[Collected data entries]
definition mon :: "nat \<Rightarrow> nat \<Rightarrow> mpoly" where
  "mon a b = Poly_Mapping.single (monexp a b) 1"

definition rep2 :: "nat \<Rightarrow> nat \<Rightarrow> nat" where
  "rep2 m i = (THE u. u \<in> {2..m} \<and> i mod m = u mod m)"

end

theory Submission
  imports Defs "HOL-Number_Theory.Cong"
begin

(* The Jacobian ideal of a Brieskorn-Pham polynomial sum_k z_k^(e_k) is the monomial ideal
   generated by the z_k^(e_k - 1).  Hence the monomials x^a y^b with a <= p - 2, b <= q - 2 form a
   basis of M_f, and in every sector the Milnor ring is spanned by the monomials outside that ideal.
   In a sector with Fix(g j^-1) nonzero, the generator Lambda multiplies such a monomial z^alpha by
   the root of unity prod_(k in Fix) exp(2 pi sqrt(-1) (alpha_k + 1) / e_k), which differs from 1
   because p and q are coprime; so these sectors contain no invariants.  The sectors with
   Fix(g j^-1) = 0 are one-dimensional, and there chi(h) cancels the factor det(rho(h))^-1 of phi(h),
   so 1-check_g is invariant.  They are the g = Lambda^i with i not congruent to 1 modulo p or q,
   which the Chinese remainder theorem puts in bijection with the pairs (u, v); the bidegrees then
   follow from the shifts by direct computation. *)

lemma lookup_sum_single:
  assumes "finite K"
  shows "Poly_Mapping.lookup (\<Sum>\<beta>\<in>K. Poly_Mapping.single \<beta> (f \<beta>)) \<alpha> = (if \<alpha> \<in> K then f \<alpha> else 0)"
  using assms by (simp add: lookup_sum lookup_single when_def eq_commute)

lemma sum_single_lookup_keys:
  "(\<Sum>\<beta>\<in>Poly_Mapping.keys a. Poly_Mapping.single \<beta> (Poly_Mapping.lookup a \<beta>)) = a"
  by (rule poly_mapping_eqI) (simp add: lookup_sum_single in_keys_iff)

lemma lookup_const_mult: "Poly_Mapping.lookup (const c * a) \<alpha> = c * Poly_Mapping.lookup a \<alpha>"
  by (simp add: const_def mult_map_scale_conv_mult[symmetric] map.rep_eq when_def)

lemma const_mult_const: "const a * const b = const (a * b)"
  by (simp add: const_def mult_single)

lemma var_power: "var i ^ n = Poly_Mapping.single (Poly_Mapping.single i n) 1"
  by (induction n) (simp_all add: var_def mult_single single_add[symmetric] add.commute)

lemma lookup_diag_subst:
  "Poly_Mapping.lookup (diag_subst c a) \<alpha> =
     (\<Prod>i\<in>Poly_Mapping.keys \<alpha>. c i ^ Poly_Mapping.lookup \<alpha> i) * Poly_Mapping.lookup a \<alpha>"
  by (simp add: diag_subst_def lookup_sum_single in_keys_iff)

--

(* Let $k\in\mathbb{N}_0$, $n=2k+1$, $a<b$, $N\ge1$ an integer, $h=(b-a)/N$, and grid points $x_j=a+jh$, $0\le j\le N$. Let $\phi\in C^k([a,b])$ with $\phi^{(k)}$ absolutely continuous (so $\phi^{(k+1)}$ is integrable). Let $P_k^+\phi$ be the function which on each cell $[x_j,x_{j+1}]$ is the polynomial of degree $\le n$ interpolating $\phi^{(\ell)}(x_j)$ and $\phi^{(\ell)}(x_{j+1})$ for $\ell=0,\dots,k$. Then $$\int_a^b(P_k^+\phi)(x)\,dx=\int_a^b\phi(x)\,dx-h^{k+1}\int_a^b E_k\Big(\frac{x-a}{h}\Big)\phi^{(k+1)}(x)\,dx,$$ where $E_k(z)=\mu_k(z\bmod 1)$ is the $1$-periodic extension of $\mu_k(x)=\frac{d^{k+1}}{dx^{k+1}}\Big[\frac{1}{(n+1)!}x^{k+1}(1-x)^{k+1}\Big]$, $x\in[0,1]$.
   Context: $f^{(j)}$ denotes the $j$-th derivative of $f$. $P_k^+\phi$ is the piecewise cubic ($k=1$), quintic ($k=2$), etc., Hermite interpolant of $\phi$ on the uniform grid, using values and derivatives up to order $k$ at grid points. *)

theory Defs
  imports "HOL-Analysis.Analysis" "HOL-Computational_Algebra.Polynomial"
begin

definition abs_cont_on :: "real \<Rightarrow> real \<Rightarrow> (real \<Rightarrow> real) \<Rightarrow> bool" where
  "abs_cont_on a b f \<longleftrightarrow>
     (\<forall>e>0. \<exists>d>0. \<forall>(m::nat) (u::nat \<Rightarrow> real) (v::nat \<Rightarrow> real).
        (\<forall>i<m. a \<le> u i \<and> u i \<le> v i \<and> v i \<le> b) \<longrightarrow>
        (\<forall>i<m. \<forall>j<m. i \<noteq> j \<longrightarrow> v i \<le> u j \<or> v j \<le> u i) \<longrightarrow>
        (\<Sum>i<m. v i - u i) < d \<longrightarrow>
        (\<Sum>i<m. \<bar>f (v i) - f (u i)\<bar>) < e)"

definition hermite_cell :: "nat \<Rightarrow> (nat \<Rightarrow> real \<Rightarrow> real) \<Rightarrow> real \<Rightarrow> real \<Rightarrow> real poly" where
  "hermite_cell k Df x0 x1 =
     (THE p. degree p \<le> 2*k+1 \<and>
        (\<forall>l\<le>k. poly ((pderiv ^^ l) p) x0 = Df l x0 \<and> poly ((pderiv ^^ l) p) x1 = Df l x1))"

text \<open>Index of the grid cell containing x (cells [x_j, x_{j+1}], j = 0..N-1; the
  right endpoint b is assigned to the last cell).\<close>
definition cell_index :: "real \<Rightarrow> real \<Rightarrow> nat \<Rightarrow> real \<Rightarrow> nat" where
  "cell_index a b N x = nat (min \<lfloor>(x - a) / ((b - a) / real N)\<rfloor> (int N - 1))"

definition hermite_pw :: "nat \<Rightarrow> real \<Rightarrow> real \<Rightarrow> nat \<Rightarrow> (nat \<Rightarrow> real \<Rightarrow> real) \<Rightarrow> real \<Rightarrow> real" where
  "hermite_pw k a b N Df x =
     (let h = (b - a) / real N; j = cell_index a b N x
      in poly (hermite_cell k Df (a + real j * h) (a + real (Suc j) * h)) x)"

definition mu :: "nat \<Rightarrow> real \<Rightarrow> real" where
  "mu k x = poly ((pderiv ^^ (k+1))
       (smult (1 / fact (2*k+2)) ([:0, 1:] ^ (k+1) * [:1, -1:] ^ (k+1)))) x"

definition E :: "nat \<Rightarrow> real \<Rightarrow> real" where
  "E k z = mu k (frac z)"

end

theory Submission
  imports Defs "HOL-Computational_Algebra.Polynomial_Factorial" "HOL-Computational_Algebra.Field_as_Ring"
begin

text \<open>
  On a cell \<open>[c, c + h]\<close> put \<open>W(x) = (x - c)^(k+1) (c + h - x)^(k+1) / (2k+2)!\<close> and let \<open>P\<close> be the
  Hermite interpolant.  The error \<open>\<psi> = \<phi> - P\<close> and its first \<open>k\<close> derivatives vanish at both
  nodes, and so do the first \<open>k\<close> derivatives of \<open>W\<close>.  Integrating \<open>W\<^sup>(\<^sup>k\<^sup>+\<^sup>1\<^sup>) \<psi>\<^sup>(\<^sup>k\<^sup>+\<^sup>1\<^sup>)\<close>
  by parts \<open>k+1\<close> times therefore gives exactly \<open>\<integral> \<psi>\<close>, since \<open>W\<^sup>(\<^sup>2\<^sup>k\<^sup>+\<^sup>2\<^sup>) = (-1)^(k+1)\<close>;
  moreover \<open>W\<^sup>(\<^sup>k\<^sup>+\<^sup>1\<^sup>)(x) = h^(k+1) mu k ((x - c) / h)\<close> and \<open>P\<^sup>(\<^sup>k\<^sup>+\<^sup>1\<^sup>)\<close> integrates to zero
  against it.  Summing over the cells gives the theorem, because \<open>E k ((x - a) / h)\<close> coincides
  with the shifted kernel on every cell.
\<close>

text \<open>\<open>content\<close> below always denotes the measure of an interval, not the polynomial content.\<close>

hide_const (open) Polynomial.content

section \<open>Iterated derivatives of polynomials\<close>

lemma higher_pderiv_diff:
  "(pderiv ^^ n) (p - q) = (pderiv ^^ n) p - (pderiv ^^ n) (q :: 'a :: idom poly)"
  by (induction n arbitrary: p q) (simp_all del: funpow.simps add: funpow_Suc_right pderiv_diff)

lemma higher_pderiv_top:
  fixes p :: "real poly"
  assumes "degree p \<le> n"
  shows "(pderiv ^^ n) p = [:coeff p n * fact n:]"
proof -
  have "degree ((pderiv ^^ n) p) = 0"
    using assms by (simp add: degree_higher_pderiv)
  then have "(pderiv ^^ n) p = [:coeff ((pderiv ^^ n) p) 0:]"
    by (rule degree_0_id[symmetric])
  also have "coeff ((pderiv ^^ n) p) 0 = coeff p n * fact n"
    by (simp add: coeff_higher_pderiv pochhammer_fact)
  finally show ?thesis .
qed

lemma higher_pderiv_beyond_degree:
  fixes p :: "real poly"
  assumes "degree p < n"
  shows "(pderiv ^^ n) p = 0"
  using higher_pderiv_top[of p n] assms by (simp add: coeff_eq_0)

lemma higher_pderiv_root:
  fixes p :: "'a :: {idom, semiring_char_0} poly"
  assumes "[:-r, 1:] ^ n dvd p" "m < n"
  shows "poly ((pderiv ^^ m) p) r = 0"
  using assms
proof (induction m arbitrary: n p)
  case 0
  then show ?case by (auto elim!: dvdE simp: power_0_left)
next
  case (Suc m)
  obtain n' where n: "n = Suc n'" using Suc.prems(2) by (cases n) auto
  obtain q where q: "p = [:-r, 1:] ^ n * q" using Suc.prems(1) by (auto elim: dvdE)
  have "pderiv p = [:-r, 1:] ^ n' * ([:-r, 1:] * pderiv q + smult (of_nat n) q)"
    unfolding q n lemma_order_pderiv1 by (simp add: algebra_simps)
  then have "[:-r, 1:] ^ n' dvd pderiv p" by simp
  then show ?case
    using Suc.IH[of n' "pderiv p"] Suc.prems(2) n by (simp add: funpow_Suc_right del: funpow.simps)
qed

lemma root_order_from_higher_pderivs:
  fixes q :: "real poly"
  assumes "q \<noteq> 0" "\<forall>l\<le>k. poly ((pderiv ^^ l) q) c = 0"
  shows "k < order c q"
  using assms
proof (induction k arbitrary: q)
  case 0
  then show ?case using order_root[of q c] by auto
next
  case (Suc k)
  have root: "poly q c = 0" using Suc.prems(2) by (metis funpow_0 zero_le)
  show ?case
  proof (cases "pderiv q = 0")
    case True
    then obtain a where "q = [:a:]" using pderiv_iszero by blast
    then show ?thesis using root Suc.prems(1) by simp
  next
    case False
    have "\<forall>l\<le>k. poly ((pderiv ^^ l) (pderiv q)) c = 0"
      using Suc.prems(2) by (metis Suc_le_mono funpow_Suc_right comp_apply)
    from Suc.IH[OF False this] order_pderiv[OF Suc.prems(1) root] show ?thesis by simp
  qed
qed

WORK ORDER: Output only an exact transcription of the lines above from the one with "c * Poly_Mapping.lookup" up to and including the one with "by (induction n)".

WRITTEN RESPONSE:
lemma lookup_const_mult: "Poly_Mapping.lookup (const c * a) \<alpha> = c * Poly_Mapping.lookup a \<alpha>"
  by (simp add: const_def mult_map_scale_conv_mult[symmetric] map.rep_eq when_def)

lemma const_mult_const: "const a * const b = const (a * b)"
  by (simp add: const_def mult_single)

lemma var_power: "var i ^ n = Poly_Mapping.single (Poly_Mapping.single i n) 1"
  by (induction n) (simp_all add: var_def mult_single single_add[symmetric] add.commute)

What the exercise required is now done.